> [Work instructions]:
Copy out each line of the data holding "trivial".

::: Source material

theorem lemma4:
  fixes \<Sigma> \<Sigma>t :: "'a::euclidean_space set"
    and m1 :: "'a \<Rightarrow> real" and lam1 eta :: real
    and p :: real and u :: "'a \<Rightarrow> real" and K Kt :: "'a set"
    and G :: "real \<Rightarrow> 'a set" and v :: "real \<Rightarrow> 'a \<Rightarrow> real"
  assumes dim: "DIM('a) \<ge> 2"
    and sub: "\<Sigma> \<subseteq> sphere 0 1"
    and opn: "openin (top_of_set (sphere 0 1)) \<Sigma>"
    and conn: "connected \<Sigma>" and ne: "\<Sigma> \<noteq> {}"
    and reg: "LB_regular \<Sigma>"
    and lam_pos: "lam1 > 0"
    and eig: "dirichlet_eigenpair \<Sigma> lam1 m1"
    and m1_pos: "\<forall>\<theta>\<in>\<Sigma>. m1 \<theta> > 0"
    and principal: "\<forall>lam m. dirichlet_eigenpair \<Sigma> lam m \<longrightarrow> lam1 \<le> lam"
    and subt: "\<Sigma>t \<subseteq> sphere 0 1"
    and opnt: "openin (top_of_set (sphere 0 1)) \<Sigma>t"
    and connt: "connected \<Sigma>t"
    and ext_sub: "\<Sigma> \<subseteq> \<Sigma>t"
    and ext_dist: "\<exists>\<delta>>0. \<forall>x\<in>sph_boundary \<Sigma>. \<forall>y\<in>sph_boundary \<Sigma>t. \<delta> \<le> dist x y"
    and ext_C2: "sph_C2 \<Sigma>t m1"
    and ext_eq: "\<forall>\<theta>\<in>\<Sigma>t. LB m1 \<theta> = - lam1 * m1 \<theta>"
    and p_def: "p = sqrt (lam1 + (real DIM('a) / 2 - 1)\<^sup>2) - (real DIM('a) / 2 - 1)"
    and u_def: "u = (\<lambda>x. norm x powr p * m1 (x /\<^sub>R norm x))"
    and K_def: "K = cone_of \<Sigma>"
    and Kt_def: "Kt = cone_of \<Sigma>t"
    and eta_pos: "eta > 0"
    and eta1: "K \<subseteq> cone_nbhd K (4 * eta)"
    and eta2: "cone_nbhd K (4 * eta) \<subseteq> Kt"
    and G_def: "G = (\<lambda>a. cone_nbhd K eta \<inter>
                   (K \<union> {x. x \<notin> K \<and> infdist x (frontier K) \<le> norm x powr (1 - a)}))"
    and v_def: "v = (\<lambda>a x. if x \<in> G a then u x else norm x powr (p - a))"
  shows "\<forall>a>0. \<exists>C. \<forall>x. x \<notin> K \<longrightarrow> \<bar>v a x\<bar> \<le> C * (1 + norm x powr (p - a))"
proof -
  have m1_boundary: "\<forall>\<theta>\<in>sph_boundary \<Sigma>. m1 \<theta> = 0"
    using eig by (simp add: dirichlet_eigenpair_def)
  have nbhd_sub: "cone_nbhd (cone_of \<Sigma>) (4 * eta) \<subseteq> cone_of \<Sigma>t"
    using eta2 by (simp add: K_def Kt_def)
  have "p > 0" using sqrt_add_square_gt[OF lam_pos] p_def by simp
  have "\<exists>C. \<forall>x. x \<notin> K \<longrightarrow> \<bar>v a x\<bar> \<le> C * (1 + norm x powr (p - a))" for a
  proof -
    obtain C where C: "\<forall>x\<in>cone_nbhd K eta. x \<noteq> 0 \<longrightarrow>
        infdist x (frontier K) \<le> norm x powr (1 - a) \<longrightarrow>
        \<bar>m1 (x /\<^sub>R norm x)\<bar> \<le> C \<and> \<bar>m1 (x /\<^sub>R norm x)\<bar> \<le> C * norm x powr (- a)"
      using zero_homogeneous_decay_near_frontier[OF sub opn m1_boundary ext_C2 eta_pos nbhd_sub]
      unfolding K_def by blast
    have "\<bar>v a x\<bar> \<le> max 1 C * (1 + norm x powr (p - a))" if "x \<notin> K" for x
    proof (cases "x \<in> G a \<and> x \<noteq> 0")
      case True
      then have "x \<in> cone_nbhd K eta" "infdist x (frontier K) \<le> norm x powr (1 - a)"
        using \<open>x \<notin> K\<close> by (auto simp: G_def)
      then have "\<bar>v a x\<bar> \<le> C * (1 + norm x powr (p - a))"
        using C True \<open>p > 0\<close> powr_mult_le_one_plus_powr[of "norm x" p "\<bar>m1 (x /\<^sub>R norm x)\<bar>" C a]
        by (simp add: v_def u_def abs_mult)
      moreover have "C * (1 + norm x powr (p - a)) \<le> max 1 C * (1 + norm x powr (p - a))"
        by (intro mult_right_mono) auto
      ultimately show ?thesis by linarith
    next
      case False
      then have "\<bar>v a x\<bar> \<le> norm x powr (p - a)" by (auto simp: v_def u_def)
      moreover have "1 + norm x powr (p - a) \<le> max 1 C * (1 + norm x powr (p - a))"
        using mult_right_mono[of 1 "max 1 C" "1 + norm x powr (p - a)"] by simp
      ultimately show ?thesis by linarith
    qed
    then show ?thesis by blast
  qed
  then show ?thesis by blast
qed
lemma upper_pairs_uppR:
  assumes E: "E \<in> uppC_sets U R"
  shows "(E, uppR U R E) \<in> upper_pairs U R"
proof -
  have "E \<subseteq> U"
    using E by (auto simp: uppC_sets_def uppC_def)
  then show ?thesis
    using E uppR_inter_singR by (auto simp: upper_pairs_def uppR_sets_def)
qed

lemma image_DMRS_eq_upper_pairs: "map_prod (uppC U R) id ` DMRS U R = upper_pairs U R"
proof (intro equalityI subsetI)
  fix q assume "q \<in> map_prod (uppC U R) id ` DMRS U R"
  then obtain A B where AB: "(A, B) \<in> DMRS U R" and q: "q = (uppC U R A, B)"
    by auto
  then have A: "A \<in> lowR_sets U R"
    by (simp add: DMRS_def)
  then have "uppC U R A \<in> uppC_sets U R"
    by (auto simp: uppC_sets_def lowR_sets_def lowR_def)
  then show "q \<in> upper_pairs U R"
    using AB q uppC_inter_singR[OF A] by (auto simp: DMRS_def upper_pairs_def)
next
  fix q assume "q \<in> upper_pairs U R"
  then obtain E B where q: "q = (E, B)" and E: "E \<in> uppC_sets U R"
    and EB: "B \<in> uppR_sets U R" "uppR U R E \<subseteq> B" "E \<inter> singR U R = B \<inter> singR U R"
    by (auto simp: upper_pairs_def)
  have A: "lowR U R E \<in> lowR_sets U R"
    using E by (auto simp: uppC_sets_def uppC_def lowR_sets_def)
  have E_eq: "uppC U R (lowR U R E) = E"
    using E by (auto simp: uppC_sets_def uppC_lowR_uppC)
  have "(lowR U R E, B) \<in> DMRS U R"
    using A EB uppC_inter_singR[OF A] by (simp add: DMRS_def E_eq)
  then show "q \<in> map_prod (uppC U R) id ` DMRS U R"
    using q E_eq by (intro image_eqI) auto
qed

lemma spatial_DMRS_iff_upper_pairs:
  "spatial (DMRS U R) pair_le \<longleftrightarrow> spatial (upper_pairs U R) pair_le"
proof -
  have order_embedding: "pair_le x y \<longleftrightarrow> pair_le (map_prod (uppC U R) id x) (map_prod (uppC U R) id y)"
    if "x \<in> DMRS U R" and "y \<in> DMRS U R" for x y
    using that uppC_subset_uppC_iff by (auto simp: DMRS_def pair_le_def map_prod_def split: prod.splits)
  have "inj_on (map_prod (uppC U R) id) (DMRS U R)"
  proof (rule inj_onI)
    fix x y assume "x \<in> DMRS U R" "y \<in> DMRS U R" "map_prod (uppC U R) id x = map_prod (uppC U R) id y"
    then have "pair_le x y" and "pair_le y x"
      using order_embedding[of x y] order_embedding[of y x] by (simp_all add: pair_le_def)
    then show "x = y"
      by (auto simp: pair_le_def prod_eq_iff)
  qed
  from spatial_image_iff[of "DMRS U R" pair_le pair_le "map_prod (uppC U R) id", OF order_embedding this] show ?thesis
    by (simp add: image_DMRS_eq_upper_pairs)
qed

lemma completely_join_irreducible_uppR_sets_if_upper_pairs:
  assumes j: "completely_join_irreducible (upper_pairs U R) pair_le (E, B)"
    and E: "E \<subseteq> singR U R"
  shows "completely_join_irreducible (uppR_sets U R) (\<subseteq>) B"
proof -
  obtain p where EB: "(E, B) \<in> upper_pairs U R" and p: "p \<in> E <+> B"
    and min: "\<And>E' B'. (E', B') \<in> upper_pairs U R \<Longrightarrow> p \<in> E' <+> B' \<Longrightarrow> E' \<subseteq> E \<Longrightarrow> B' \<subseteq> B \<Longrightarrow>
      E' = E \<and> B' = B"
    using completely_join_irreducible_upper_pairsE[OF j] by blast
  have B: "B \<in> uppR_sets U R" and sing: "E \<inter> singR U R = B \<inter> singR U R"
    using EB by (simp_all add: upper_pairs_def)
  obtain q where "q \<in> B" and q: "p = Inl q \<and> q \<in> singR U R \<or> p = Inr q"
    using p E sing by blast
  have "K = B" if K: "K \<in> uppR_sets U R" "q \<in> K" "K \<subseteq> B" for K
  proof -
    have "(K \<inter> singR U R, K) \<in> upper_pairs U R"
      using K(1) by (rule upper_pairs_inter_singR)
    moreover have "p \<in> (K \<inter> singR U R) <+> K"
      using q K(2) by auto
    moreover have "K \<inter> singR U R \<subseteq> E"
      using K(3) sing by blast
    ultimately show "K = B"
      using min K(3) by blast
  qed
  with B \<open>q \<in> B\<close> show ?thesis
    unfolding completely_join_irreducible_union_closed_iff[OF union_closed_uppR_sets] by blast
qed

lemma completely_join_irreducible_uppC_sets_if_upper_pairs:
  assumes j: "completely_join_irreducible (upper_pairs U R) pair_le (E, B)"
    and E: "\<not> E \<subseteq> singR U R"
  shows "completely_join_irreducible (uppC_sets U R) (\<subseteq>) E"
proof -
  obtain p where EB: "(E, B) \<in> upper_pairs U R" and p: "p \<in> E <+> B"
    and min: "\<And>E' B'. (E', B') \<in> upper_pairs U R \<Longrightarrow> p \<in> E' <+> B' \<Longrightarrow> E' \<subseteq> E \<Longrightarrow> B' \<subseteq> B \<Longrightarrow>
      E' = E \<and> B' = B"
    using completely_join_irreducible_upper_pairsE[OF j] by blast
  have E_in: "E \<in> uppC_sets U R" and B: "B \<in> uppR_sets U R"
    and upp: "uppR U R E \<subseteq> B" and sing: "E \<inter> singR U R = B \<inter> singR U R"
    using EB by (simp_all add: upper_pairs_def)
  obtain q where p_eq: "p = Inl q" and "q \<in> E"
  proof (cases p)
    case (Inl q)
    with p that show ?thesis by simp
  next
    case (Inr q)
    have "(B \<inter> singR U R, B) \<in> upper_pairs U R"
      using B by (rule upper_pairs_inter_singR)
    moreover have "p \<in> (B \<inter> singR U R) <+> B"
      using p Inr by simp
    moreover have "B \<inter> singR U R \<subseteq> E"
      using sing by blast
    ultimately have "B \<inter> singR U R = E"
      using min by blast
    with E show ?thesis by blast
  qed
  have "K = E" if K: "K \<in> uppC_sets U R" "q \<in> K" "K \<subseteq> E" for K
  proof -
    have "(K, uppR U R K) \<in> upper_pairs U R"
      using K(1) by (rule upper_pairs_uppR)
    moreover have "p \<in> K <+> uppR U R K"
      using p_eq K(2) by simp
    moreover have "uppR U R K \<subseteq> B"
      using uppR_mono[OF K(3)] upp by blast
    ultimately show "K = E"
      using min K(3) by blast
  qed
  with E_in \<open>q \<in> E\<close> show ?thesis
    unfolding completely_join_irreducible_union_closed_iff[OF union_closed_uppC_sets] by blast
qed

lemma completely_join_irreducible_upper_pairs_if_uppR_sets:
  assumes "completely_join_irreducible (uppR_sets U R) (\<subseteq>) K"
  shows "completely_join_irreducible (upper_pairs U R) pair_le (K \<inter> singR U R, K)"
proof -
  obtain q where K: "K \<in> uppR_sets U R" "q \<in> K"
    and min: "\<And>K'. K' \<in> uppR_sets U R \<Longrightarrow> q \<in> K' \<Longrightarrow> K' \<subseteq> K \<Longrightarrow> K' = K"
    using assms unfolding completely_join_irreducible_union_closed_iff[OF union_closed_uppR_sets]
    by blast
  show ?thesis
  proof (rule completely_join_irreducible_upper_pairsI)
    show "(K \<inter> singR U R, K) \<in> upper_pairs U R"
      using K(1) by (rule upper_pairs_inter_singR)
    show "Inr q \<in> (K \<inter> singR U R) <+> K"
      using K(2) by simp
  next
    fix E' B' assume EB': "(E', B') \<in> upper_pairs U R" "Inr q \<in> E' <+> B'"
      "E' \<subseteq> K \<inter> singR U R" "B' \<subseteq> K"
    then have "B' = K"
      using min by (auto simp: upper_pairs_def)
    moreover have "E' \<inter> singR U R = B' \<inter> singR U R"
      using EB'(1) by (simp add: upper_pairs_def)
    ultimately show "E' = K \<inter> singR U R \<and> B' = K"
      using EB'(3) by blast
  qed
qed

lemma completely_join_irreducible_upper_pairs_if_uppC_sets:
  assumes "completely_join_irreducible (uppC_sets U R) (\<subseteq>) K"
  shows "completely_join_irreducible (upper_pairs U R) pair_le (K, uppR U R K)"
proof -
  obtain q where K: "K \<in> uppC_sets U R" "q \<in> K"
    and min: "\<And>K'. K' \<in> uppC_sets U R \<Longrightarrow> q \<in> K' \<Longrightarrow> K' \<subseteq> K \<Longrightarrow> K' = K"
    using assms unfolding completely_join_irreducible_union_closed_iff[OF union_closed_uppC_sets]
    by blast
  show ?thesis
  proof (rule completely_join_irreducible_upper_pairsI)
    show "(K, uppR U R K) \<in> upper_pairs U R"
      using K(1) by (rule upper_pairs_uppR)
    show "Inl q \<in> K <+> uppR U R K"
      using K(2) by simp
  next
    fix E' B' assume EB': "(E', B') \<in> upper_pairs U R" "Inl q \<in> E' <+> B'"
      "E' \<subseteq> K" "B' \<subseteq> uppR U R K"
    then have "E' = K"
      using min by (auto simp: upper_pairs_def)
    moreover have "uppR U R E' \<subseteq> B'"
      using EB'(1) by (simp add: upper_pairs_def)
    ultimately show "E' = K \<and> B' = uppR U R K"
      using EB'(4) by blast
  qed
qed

::::::
::: Source material

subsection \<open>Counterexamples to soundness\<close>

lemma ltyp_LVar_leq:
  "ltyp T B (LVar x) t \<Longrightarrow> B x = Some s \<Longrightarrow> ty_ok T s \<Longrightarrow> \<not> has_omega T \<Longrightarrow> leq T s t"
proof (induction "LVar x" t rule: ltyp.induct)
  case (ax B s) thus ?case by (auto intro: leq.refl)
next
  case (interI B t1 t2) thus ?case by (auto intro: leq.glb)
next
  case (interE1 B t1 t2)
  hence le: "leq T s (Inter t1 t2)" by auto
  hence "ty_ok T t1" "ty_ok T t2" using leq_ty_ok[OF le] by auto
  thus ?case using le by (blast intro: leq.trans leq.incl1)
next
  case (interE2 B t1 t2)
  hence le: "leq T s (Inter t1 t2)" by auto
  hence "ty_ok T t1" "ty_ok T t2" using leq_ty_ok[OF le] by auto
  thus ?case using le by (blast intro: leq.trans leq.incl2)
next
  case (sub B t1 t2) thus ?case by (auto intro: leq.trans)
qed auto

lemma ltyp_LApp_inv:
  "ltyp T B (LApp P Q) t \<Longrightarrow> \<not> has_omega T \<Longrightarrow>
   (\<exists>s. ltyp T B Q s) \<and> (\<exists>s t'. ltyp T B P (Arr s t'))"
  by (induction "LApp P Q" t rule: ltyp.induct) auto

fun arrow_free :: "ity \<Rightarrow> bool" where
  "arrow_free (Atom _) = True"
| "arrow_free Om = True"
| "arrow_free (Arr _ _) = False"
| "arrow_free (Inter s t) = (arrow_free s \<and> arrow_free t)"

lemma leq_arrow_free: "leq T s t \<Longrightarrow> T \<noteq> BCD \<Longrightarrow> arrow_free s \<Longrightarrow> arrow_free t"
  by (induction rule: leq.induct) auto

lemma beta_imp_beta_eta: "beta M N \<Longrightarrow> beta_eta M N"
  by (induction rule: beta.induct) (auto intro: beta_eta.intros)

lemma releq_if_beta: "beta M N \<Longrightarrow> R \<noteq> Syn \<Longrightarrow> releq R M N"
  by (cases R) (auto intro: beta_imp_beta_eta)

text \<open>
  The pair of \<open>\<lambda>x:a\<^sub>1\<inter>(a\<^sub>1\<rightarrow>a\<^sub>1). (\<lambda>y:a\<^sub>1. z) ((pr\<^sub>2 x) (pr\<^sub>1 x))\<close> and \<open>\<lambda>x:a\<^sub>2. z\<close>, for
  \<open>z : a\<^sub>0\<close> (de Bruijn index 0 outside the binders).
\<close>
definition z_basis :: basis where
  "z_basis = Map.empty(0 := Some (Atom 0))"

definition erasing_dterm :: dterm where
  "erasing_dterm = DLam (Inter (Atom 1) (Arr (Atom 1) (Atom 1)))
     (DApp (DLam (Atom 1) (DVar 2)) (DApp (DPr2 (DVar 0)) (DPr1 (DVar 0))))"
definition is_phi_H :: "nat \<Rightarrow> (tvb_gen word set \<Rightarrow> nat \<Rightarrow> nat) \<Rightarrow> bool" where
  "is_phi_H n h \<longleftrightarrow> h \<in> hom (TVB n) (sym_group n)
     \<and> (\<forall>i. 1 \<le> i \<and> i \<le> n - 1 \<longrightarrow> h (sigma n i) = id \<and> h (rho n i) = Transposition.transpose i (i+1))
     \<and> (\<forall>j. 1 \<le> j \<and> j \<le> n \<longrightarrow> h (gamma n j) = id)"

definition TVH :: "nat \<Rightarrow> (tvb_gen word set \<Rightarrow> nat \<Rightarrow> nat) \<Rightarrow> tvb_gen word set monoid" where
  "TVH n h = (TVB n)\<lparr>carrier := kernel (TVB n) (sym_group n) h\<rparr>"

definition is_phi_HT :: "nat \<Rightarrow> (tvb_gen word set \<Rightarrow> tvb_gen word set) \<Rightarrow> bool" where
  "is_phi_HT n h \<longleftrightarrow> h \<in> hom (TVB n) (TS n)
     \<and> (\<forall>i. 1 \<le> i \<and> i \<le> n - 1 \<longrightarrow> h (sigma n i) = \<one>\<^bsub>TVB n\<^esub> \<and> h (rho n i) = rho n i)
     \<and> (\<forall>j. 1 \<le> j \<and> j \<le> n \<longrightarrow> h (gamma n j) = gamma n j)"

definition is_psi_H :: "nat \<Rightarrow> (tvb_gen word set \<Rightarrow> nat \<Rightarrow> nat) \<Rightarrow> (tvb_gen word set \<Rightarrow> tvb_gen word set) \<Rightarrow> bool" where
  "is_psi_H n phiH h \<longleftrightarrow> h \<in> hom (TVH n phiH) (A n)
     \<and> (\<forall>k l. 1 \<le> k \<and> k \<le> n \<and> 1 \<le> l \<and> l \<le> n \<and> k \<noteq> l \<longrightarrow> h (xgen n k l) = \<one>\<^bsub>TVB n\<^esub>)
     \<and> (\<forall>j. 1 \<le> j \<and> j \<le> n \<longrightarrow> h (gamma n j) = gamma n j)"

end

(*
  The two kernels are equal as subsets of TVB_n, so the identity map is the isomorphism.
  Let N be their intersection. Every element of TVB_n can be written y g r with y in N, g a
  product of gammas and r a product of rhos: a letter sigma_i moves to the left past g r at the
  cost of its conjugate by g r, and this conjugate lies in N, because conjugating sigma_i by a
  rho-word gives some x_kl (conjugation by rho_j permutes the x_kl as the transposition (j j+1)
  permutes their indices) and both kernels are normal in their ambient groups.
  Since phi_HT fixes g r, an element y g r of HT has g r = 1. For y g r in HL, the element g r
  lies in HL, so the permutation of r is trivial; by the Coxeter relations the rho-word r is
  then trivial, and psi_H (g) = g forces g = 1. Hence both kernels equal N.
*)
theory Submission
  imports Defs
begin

::::::

> [Response]:
  lies in HL, so the permutation of r is trivial; by the Coxeter relations the rho-word r is
  then trivial, and psi_H (g) = g forces g = 1. Hence both kernels equal N.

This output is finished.